Barkam (马尔康镇 (馬爾康鎮, Mǎ'ěrkāng Zhèn), འབར་ཁམས་གྲོང་རྡལ།, Qiang: Bbadh kangw seqea) is a town in and the seat of the county-level city of Barkam, in the Ngawa Tibetan and Qiang Autonomous Prefecture, in the northwest of Sichuan province, China.

== Toponymy ==
Barkam comes from the Tibetan "place of strong fire" and, by extension, "place of prosperity".

== History ==
On December 18, 2019, the Department of Civil Affairs of Sichuan Province approved the merger of the now-defunct town of Zhuokeji into the town of Barkam.

== Climate ==
Due to its elevation, Barkam lies in the transition between a subtropical highland climate (Köppen Cwb) and humid continental climate (Köppen Dwb), with strong monsoonal influences; winters are frosty and summers warm with frequent rain.
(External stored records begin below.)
lemma pos_equilibria_eq_image:
  assumes "b > 0" "c > 0" "k \<ge> 0"
  shows "pos_equilibria a b c k m = (\<lambda>x. (x, (1 - x) / c)) ` unit_roots (u a c k m)"
proof (rule set_eqI, clarify)
  fix x y
  have "(x, y) \<in> pos_equilibria a b c k m \<longleftrightarrow> 0 < x \<and> x < 1 \<and> y = (1 - x) / c \<and> u a c k m x = 0"
  proof (cases "0 < x \<and> 0 < y")
    case True
    then have kx: "1 + k * x > 0" using assms(3) by (simp add: add_pos_nonneg)
    have "b * x * (1 - x - c * y) = 0 \<longleftrightarrow> 1 - x - c * y = 0" using True assms(1) by simp
    also have "\<dots> \<longleftrightarrow> y = (1 - x) / c" using assms(2) by (auto simp: field_simps)
    finally have prey: "b * x * (1 - x - c * y) = 0 \<longleftrightarrow> y = (1 - x) / c" .
    have "y * (1 / (1 + k * x) - y - a * x - m * x * y) = 0 \<longleftrightarrow> u a c k m x = 0"
      if "y = (1 - x) / c"
      using True assms(2) kx u_on_prey_nullcline[of c k x a m] that by auto
    moreover have "0 < (1 - x) / c \<longleftrightarrow> x < 1" using assms(2) by (simp add: zero_less_divide_iff)
    ultimately show ?thesis using True prey by (auto simp: pos_equilibria_def)
  next
    case False
    moreover have "0 < (1 - x) / c" if "x < 1" using that assms(2) by simp
    ultimately show ?thesis by (auto simp: pos_equilibria_def)
  qed
  then show "(x, y) \<in> pos_equilibria a b c k m \<longleftrightarrow> (x, y) \<in> (\<lambda>x. (x, (1 - x) / c)) ` unit_roots (u a c k m)"
    by (auto simp: unit_roots_def)
qed

lemma card_pos_equilibria:
  assumes "b > 0" "c > 0" "k \<ge> 0"
  shows "card (pos_equilibria a b c k m) = card (unit_roots (u a c k m))"
  unfolding pos_equilibria_eq_image[OF assms] by (simp add: card_image inj_on_def)

lemma card_unit_roots_u_large_c:
  assumes "a > 0" "c > 1" "k > 0" "m > 0" "m > m1 a c k"
  shows "(u a c k m (xv2 a c k m) = 0 \<and> m > m2 a c k \<longrightarrow> card (unit_roots (u a c k m)) = 1) \<and>
    (u a c k m (xv2 a c k m) < 0 \<longrightarrow>
      (m > m2 a c k \<and> k \<ge> kstar a \<longrightarrow> card (unit_roots (u a c k m)) = 1) \<and>
      (m > m2 a c k \<and> k < kstar a \<longrightarrow> card (unit_roots (u a c k m)) = 2) \<and>
      (m = m2 a c k \<longrightarrow> card (unit_roots (u a c k m)) = 1) \<and>
      (m < m2 a c k \<and> k > kstar a \<longrightarrow> card (unit_roots (u a c k m)) = 1))"
proof -
  let ?A = "A1 k m" and ?B = "A2 a c k m" and ?C = "A3 a c k m" and ?D = "A4 c"
  let ?s = "cubic_crit ?A ?B ?C"
  have A1_pos: "?A > 0" using assms(3,4) by (simp add: A1_def)
  have A3_neg: "?C < 0" using assms(5) by (simp add: A3_def m1_def)
  have A4_pos: "?D > 0" using assms(2) by (simp add: A4_def)
  have deriv: "3 * ?A * 1\<^sup>2 + 2 * ?B * 1 + ?C = (1 + k) * (m - m2 a c k)"
    using u_deriv_at_1[of k m a c] assms(3) by simp
  have s_below: "?s < 1 \<longleftrightarrow> m2 a c k < m"
    using cubic_deriv_sign(3)[where B = "A2 a c k m", OF A1_pos A3_neg zero_le_one] assms(3) unfolding deriv
    by (simp add: zero_less_mult_iff)
  have s_above: "1 < ?s \<longleftrightarrow> m < m2 a c k"
    using cubic_deriv_sign(2)[where B = "A2 a c k m", OF A1_pos A3_neg zero_le_one] assms(3) unfolding deriv
    by (simp add: mult_less_0_iff)
  have u1: "u a c k m 1 = a * c * (kstar a - k)" using u_at_1 assms(1) by simp
  have "a * c > 0" using assms(1,2) by simp
  then have u1_pos: "u a c k m 1 > 0 \<longleftrightarrow> k < kstar a"
    and u1_neg: "u a c k m 1 < 0 \<longleftrightarrow> kstar a < k"
    unfolding u1 by (auto simp: zero_less_mult_iff mult_less_0_iff)
  show ?thesis
    unfolding u_eq_cubic xv2_eq_cubic_crit
  proof (intro conjI impI; (elim conjE)?)
    assume "cubic ?A ?B ?C ?D ?s = 0" "m > m2 a c k"
    then show "card (unit_roots (cubic ?A ?B ?C ?D)) = 1"
      using unit_roots_cubic_crit_root[OF A1_pos A3_neg] s_below by simp
  next
    assume "cubic ?A ?B ?C ?D ?s < 0" "m > m2 a c k" "k \<ge> kstar a"
    then show "card (unit_roots (cubic ?A ?B ?C ?D)) = 1"
      using card_unit_roots_cubic_crit_below_1[OF A1_pos A3_neg A4_pos] s_below u1_pos by (simp add: u_eq_cubic)
  next
    assume "cubic ?A ?B ?C ?D ?s < 0" "m > m2 a c k" "k < kstar a"
    then show "card (unit_roots (cubic ?A ?B ?C ?D)) = 2"
      using card_unit_roots_cubic_crit_below_1[OF A1_pos A3_neg A4_pos] s_below u1_pos by (simp add: u_eq_cubic)
  next
    assume "cubic ?A ?B ?C ?D ?s < 0" "m = m2 a c k"
    moreover from this have "?s = 1" using s_below s_above by linarith
    ultimately show "card (unit_roots (cubic ?A ?B ?C ?D)) = 1"
      using card_unit_roots_cubic_crit_ge_1[OF A1_pos A3_neg A4_pos] by simp
  next
    assume "cubic ?A ?B ?C ?D ?s < 0" "m < m2 a c k" "k > kstar a"
    then show "card (unit_roots (cubic ?A ?B ?C ?D)) = 1"
      using card_unit_roots_cubic_crit_ge_1[OF A1_pos A3_neg A4_pos] s_above u1_neg by (simp add: u_eq_cubic)
  qed
qed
The monthly 24-hour average temperature ranges from −0.5 °C in December and January to 16.4 °C in July, while the annual mean is 8.75 °C. Nearly two-thirds of the annual precipitation of 784 mm occurs from June to September. With monthly percent possible sunshine ranging from 36% in June to 65% in December, the town receives 2,133 hours of bright sunshine annually. Diurnal temperature variation is large, averaging 16.0 C-change annually.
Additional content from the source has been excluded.